Task details
Your response should contain each line of the data that includes "theorem".

Material provided

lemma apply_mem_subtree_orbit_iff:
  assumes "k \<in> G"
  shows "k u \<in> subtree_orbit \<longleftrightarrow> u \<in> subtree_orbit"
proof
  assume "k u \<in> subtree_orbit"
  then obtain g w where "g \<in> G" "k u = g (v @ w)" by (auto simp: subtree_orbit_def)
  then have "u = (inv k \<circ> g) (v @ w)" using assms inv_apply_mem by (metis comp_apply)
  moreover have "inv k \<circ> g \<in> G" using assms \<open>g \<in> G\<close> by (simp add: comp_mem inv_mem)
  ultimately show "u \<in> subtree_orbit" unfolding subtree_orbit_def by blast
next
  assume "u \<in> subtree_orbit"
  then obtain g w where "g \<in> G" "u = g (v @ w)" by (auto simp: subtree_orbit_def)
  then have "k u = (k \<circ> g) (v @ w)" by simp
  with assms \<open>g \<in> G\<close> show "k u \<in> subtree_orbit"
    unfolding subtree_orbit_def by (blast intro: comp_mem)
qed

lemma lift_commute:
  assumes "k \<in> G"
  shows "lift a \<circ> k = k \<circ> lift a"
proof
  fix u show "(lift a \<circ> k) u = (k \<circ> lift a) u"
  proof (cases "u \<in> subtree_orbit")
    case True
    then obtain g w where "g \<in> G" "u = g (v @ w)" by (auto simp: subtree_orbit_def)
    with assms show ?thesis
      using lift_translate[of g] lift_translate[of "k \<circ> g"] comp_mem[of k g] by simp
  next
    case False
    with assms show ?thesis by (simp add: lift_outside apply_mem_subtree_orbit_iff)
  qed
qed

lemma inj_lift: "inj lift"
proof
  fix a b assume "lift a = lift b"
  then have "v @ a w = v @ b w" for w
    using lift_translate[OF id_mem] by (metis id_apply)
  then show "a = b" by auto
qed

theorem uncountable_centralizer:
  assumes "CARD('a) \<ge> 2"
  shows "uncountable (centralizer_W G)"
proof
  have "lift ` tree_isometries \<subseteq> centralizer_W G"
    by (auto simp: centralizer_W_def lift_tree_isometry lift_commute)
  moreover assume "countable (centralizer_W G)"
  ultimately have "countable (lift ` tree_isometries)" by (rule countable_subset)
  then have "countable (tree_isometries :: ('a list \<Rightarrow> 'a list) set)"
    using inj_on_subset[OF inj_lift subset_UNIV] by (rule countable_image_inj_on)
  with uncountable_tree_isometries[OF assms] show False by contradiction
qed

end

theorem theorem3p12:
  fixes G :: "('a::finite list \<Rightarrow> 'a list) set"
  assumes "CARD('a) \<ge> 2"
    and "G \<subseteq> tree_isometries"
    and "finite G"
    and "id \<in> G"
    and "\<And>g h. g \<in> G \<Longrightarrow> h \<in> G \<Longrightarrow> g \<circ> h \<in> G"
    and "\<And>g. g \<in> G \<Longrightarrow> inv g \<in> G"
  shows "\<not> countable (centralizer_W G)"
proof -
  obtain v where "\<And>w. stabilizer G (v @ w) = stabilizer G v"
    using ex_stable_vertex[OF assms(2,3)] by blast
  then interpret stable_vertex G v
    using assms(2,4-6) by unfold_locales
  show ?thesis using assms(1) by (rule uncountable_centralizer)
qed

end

Your solution
theorem uncountable_centralizer:
theorem theorem3p12:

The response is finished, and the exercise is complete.